Eerder schreef ik al over mijn verzameling kookboeken. Zo nu en dan grijp ik dan ook terug op oudere recepten. Vaak hebben ze namen die doen vermoeden dat we te maken hebben met een klassieker. Zo ook deze ‘Bremer Kabeljauw’. Een recept uit 1987 en afkomstig uit de verzamelbundel “Alles over koken” van uitgeverij Lekturama . In 2015 Googlen we dan zo’n recept en inderdaad vinden we ten minste 3 recepten. Helaas blijken deze allemaal letterlijk overgetypt van het origineel van Lekturama. Twee zonder foto en een derde met gefotografeerde of ingescande foto van het originele recept. Maar hoe zit het dan met die Bremer Kabeljauw? Misschien in het Duits googlen? Kabeljau von Bremen? Bremer Dorsch? Het levert allemaal geen hits op.
Verder zoeken op “Mosterd uit Bremen”of “visafslag Bremen” geeft eveneens geen hits. Bremen ligt ook niet echt aan zee. Onze eigen Waddenzee is zo’n beetje het dichtstbijzijnde zoute water. Daar zit wel Kabeljauw maar een link met Bremen is er niet. Natuurlijk niet want die kabeljauw gebruiken we voor onze eigen kibbeling en lekkerbekjes.
Geen klassieker dus deze kabeljauw met mosterdroomsaus. Wel lekker. Het recept en de foto waren uit 1987. Een beetje gedateerd dus. Ïk heb het recept wel een klein beetje aangepast én een nieuwe foto gemaakt. Want wat vooral opvalt in de bundel van Lekturama is dat álle vissen, of het nu zalm is of kabeljauw, in de breedte (moten) werden doorgesneden. Tegenwoordig zie je eigenlijk enkel vooral nog in de lengte gesneden filets. Leuk detail over de tijdsgeest wel.
Ingrediënten
4 kabeljauwfilets (ongeveer 150 gr);
sap van een halve citroen;
1 groentebouillontablet;
1 gesnipperde ui;
1 laurierblad;
60 gram boter;
witte peper (uit de molen);
6 el dijonmosterd;
1 eierdooier;
zout;
2 el maïzena;
6 el kookroom;
2 el gehakte peterselie.
Bereiding
Verwarm de oven voor op 250 graden Celsius.
Breng 6 dl water aan de kook. Voeg de bouillontablet, de ui, het laurierblad en het citroensap toe. Laat de bouillon in een gesloten pan zacht doorkoken.

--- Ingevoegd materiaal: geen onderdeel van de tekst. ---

(* Let $k\ge 4$ and let $p,p'$ be two POPs of size $k$ having the same set $I$ of isolated vertices, such that $k-1\in I$ and $k-3,k-2,k\notin I$. Suppose that in both $p$ and $p'$, each of the labels $k-2$ and $k$ is greater than every label $x\in[k-3]\setminus I$. Suppose that the subposets of $p$ and $p'$ induced by $[k-3]\setminus I$ coincide, and that $k<_p k-2$ while $k-2<_{p'}k$. Then $p\sim p'$.
   Context: A partially ordered pattern (POP) $p$ of size $k$ is a partial order $\le_p$ on $[k]=\{1,\dots,k\}$. A permutation $\pi=\pi_1\cdots\pi_n$ contains $p$ if there are indices $i_1<\dots<i_k$ with $\pi_{i_j}<\pi_{i_m}$ whenever $j<_p m$; otherwise it avoids $p$. $\mathfrak S_n(p)$ is the set of permutations of $[n]$ avoiding $p$, and $p\sim q$ (Wilf-equivalence) means $|\mathfrak S_n(p)|=|\mathfrak S_n(q)|$ for all $n\ge 1$. A vertex is isolated if it is comparable to no other vertex. *)

theory Defs
  imports Main "HOL-Combinatorics.Permutations"
begin

definition pop :: "nat \<Rightarrow> (nat \<times> nat) set \<Rightarrow> bool" where
  "pop k r \<longleftrightarrow> partial_order_on {1..k} r \<and> r \<subseteq> {1..k} \<times> {1..k}"

definition pop_less :: "(nat \<times> nat) set \<Rightarrow> nat \<Rightarrow> nat \<Rightarrow> bool" where
  "pop_less r j m \<longleftrightarrow> (j, m) \<in> r \<and> j \<noteq> m"

definition isolated :: "nat \<Rightarrow> (nat \<times> nat) set \<Rightarrow> nat set" where
  "isolated k r = {v \<in> {1..k}. \<forall>u\<in>{1..k}. u \<noteq> v \<longrightarrow> \<not> pop_less r u v \<and> \<not> pop_less r v u}"

text \<open>A permutation of [n] is a bijection pi of {1..n}; pi i is the entry at position i.\<close>
definition contains :: "(nat \<Rightarrow> nat) \<Rightarrow> nat \<Rightarrow> nat \<Rightarrow> (nat \<times> nat) set \<Rightarrow> bool" where
  "contains \<pi> n k r \<longleftrightarrow> (\<exists>idx :: nat \<Rightarrow> nat.
     strict_mono_on {1..k} idx \<and> idx ` {1..k} \<subseteq> {1..n} \<and>
     (\<forall>j\<in>{1..k}. \<forall>m\<in>{1..k}. pop_less r j m \<longrightarrow> \<pi> (idx j) < \<pi> (idx m)))"

definition avoiders :: "nat \<Rightarrow> nat \<Rightarrow> (nat \<times> nat) set \<Rightarrow> (nat \<Rightarrow> nat) set" where
  "avoiders n k r = {\<pi>. \<pi> permutes {1..n} \<and> \<not> contains \<pi> n k r}"

definition wilf_equiv :: "nat \<Rightarrow> (nat \<times> nat) set \<Rightarrow> (nat \<times> nat) set \<Rightarrow> bool" where
  "wilf_equiv k r r' \<longleftrightarrow> (\<forall>n\<ge>1. card (avoiders n k r) = card (avoiders n k r'))"

end

theory Submission
  imports Defs
begin

text \<open>
  Call \<open>(x, y)\<close> a cell of \<open>\<pi>\<close> if the prefix pattern (the labels \<open>1..k-3\<close>) occurs in \<open>\<pi>\<close>
  strictly left of position \<open>x\<close> with all its non-isolated values below \<open>y\<close>. The cells form an
  up-closed (Ferrers) board, and \<open>p\<close> resp. \<open>p'\<close> occurs in \<open>\<pi>\<close> iff there are positions
  \<open>j + 2 \<le> l\<close> with \<open>(j, \<pi> l)\<close> a cell and \<open>\<pi> l < \<pi> j\<close>, resp. \<open>(j, \<pi> j)\<close> a cell and
  \<open>\<pi> j < \<pi> l\<close>. Positions \<open>x\<close> with \<open>(x, \<pi> x)\<close> a cell are active. A prefix occurrence can
  always be chosen off the active positions, so redistributing the values of \<open>\<pi>\<close> on its active
  positions inside the board changes neither the board nor the active set. Hence the
  permutations with a fixed skeleton (active set and values elsewhere) correspond to the
  bijective placements on a fixed board, in which consecutive active rows coincide. Counted by
  deleting the first row, placements without a gapped descent and placements without a gapped
  ascent satisfy the same recurrence; summing over all skeletons gives \<open>p \<sim> p'\<close>.
\<close>

section \<open>Placements on up-closed boards\<close>

definition placements :: "nat set \<Rightarrow> nat set \<Rightarrow> (nat \<Rightarrow> nat \<Rightarrow> bool) \<Rightarrow> (nat \<Rightarrow> nat) set" where
  "placements X Y g = {\<sigma> \<in> X \<rightarrow>\<^sub>E Y. bij_betw \<sigma> X Y \<and> (\<forall>x\<in>X. g x (\<sigma> x))}"

definition gapped_pair :: "nat set \<Rightarrow> (nat \<Rightarrow> nat \<Rightarrow> nat \<Rightarrow> bool) \<Rightarrow> (nat \<Rightarrow> nat) \<Rightarrow> bool" where
  "gapped_pair X P \<sigma> \<longleftrightarrow> (\<exists>j\<in>X. \<exists>l\<in>X. j + 2 \<le> l \<and> P j (\<sigma> j) (\<sigma> l))"
(* (i) If $C$ is a self-orthogonal linear code over $\mathbb{Z}_4+u\mathbb{Z}_4$, then for every codeword $c\in C$ and each $i\in\{1,2\}$, the number $n_{\mathfrak{U}_i}(c)$ of coordinates of $c$ lying in $\mathfrak{U}_i$ is even. (ii) If $C$ is a self-dual code over $\mathbb{Z}_4+u\mathbb{Z}_4$ of length $n$, then the vector $(2u,2u,\dots,2u)$ of length $n$ belongs to $C$.
   Context: $\mathbb{Z}_4+u\mathbb{Z}_4$ is the commutative ring of characteristic $4$ with $u^2=0$. A linear code of length $n$ is a submodule $C$ of $(\mathbb{Z}_4+u\mathbb{Z}_4)^n$; its dual $C^\perp$ is taken with respect to the Euclidean inner product $\sum_i x_iy_i$ computed in the ring; $C$ is self-orthogonal if $C\subseteq C^\perp$ and self-dual if $C=C^\perp$. The units of first type are $\mathfrak{U}_1=\{1,3,1+2u,3+2u\}$ and the units of second type are $\mathfrak{U}_2=\{1+u,3+u,1+3u,3+3u\}$. *)

theory Defs
  imports Main "HOL-Library.Numeral_Type"
begin

text \<open>The ring Z4 + u Z4 (u^2 = 0): an element a + b u is represented as ZU a b
  with a, b in Z4 (the library type 4 of integers modulo 4).\<close>

datatype zu = ZU (re: "4") (im: "4")

instantiation zu :: comm_ring_1
begin
definition "zero_zu = ZU 0 0"
definition "one_zu = ZU 1 0"
definition "plus_zu x y = ZU (re x + re y) (im x + im y)"
definition "minus_zu x y = ZU (re x - re y) (im x - im y)"
definition "uminus_zu x = ZU (- re x) (- im x)"
definition "times_zu x y = ZU (re x * re y) (re x * im y + im x * re y)"
instance
  by standard (auto simp: zero_zu_def one_zu_def plus_zu_def minus_zu_def
      uminus_zu_def times_zu_def algebra_simps intro: zu.expand)
end

definition uu :: zu where "uu = ZU 0 1"

definition U1 :: "zu set" where "U1 = {ZU 1 0, ZU 3 0, ZU 1 2, ZU 3 2}"
definition U2 :: "zu set" where "U2 = {ZU 1 1, ZU 3 1, ZU 1 3, ZU 3 3}"

definition words :: "nat \<Rightarrow> (nat \<Rightarrow> zu) set" where
  "words n = {x. \<forall>i\<ge>n. x i = 0}"

definition linear_code :: "nat \<Rightarrow> (nat \<Rightarrow> zu) set \<Rightarrow> bool" where
  "linear_code n C \<longleftrightarrow> C \<subseteq> words n \<and> (\<lambda>_. 0) \<in> C \<and>
     (\<forall>x\<in>C. \<forall>y\<in>C. (\<lambda>i. x i + y i) \<in> C) \<and>
     (\<forall>r. \<forall>x\<in>C. (\<lambda>i. r * x i) \<in> C)"

definition inner :: "nat \<Rightarrow> (nat \<Rightarrow> zu) \<Rightarrow> (nat \<Rightarrow> zu) \<Rightarrow> zu" where
  "inner n x y = (\<Sum>i<n. x i * y i)"

definition dual :: "nat \<Rightarrow> (nat \<Rightarrow> zu) set \<Rightarrow> (nat \<Rightarrow> zu) set" where
  "dual n C = {y \<in> words n. \<forall>x\<in>C. inner n x y = 0}"

definition self_orthogonal :: "nat \<Rightarrow> (nat \<Rightarrow> zu) set \<Rightarrow> bool" where
  "self_orthogonal n C \<longleftrightarrow> C \<subseteq> dual n C"

definition self_dual :: "nat \<Rightarrow> (nat \<Rightarrow> zu) set \<Rightarrow> bool" where
  "self_dual n C \<longleftrightarrow> C = dual n C"

definition nU :: "zu set \<Rightarrow> nat \<Rightarrow> (nat \<Rightarrow> zu) \<Rightarrow> nat" where
  "nU U n c = card {i. i < n \<and> c i \<in> U}"

end

theory Submission
  imports Defs
begin

text \<open>For x = a + bu one has x * x = a * a + 2abu, which is 1 on the units of first type,
  1 + 2u on the units of second type and 0 elsewhere. Hence \<open>\<langle>c, c\<rangle>\<close> = n1 + n2 (1 + 2u),
  where ni counts the coordinates of c in Ui; if it vanishes, then n1 + n2 and 2 n2 are
  divisible by 4, so both counts are even. Moreover 2u x = 2u x * x for every x, so
  \<open>\<langle>x, (2u,\<dots>,2u)\<rangle> = 2u \<langle>x, x\<rangle>\<close>; in a self-dual code this vanishes for every codeword,
  which puts (2u,\<dots>,2u) into the dual, that is, into the code. Neither part uses
  linearity of the code.\<close>

lemma Z4_cases: "(a::4) = 0 \<or> a = 1 \<or> a = 2 \<or> a = 3"
proof (cases a)
  case (of_int z)
  then have "z \<in> {0, 1, 2, 3}" by auto
  with of_int show ?thesis by auto
qed

lemma times_ZU: "ZU a b * ZU c d = ZU (a * c) (a * d + b * c)"
  by (simp add: times_zu_def)

lemma square_zu: "x * x = of_bool (x \<in> U1) + of_bool (x \<in> U2) * ZU 1 2"
proof (cases x)
  case (ZU a b)
  then show ?thesis
    using Z4_cases[of a] Z4_cases[of b]
    by (elim disjE) (simp_all add: times_ZU U1_def U2_def one_zu_def zero_zu_def plus_zu_def)
qed

lemma two_u_eq: "2 * uu = ZU 0 2"
  by (simp add: mult_2 uu_def plus_zu_def)

lemma two_u_mult_square: "2 * uu * (x * x) = 2 * uu * x"
proof (cases x)
  case (ZU a b)
  then show ?thesis
    using Z4_cases[of a] by (auto simp: two_u_eq times_ZU)
qed

lemma inner_self_eq_counts:
  "inner n c c = of_nat (nU U1 n c) + of_nat (nU U2 n c) * ZU 1 2"
proof -
  have count: "(\<Sum>i<n. of_bool (c i \<in> U) :: zu) = of_nat (nU U n c)" for U
  proof -
    have "{..<n} \<inter> {i. c i \<in> U} = {i. i < n \<and> c i \<in> U}"
      by auto
    then show ?thesis
      by (simp add: nU_def)
  qed
  have "inner n c c = (\<Sum>i<n. of_bool (c i \<in> U1)) + (\<Sum>i<n. of_bool (c i \<in> U2)) * ZU 1 2"
    by (simp only: inner_def square_zu sum.distrib sum_distrib_right)
  then show ?thesis
    by (simp only: count)
qed

lemma of_nat_zu: "of_nat k = ZU (of_nat k) 0"
  by (induction k) (simp_all add: zero_zu_def one_zu_def plus_zu_def)

lemma Z4_of_nat_eq_0_iff: "(of_nat k :: 4) = 0 \<longleftrightarrow> 4 dvd k"
  by (simp add: of_nat_eq_0_iff_char_dvd)

lemma even_counts_if_inner_self_zero:
  assumes "inner n c c = 0"
  shows "even (nU U1 n c) \<and> even (nU U2 n c)"
proof -
  let ?n1 = "nU U1 n c" and ?n2 = "nU U2 n c"
  have "ZU (of_nat (?n1 + ?n2)) (of_nat (?n2 * 2)) = 0"
    using assms by (simp add: inner_self_eq_counts of_nat_zu times_ZU plus_zu_def)
  then have "of_nat (?n1 + ?n2) = (0::4) \<and> of_nat (?n2 * 2) = (0::4)"
    by (simp add: zero_zu_def)
  then have "4 dvd ?n1 + ?n2" and "4 dvd ?n2 * 2"
    unfolding Z4_of_nat_eq_0_iff by simp_all
  moreover have "4 dvd a + b \<Longrightarrow> 4 dvd b * 2 \<Longrightarrow> even a \<and> even b" for a b :: nat
    by presburger
  ultimately show ?thesis by blast
qed

lemma self_orthogonal_even_counts:
  assumes "self_orthogonal n C" and "c \<in> C"
  shows "even (nU U1 n c) \<and> even (nU U2 n c)"
proof -
  have "inner n c c = 0"
    using assms unfolding self_orthogonal_def dual_def by blast
  then show ?thesis by (rule even_counts_if_inner_self_zero)
qed

lemma inner_all_two_u: "inner n x (\<lambda>i. if i < n then 2 * uu else 0) = 2 * uu * inner n x x"
proof -
  have "inner n x (\<lambda>i. if i < n then 2 * uu else 0) = (\<Sum>i<n. 2 * uu * x i)"
    by (simp add: inner_def mult.commute)
  also have "\<dots> = 2 * uu * inner n x x"
    by (simp add: inner_def sum_distrib_left two_u_mult_square)
  finally show ?thesis .
qed

lemma self_dual_contains_all_two_u:
  assumes "self_dual n C"
  shows "(\<lambda>i. if i < n then 2 * uu else 0) \<in> C"
proof -
  have "inner n x x = 0" if "x \<in> C" for x
    using assms that unfolding self_dual_def dual_def by blast
  then have "(\<lambda>i. if i < n then 2 * uu else 0) \<in> dual n C"
    by (simp add: dual_def words_def inner_all_two_u)
  with assms show ?thesis by (simp add: self_dual_def)
qed

theorem theorem4p2:
  shows "(\<forall>n C. linear_code n C \<and> self_orthogonal n C \<longrightarrow>
            (\<forall>c\<in>C. even (nU U1 n c) \<and> even (nU U2 n c)))
       \<and> (\<forall>n C. linear_code n C \<and> self_dual n C \<longrightarrow>
            (\<lambda>i. if i < n then 2 * uu else 0) \<in> C)"
  using self_orthogonal_even_counts self_dual_contains_all_two_u by blast

end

Bestrijk de visfilets aan één zijde dun met boter. Bestrooi ze met wat peper en leg de filets met de beboterde zijde in een koekenpan op laag vuur.
Zeef de bouillon en giet deze langzaam op de kabeljauw. Verhit de bouillon opnieuw. Temper de warmtebron als de bouillon bijna kookt. Dek de pan af en pocheer de vis in 10 minuten gaar. Niet laten koken!
Smelt ondertussen de rest van de boter in een steelpan. Neem deze van de warmtebron en roer de helft van de mosterd erdoor. Klop de eierdooier door het mengsel en voeg hier peper en zout aan toe. Leg de kabeljauwfilets op een ovenvaste schaal en verdeel het mosterdmengsel over de kabeljauwfilets. Schuif de schaal in de oven en laat de kabeljauw in 5 minuten lichtbruin kleuren.
Zeef de visbouillon en doe deze in een kleine pan. Maak de maïzena aan met 4 eetlepels koud water. Breng de visbouillon aan de kook. Temper de warmtebron en giet onder voortdurend roeren de aangemaakte maïzena bij de bouillon. Blijf roeren tot een gladde gebonden saus ontstaat. Neem de pan van de warmtebron. Roer de room en de rest van de mosterd door de saus. Voeg ook de gehakte peterselie toe. Breng de saus op smaak af met peper en zout.
Haal de visschotel uit de oven en garneer deze met plukjes peterselie en een schijfje citroen.
Serveer met noedels, rijst of aardappelpuree.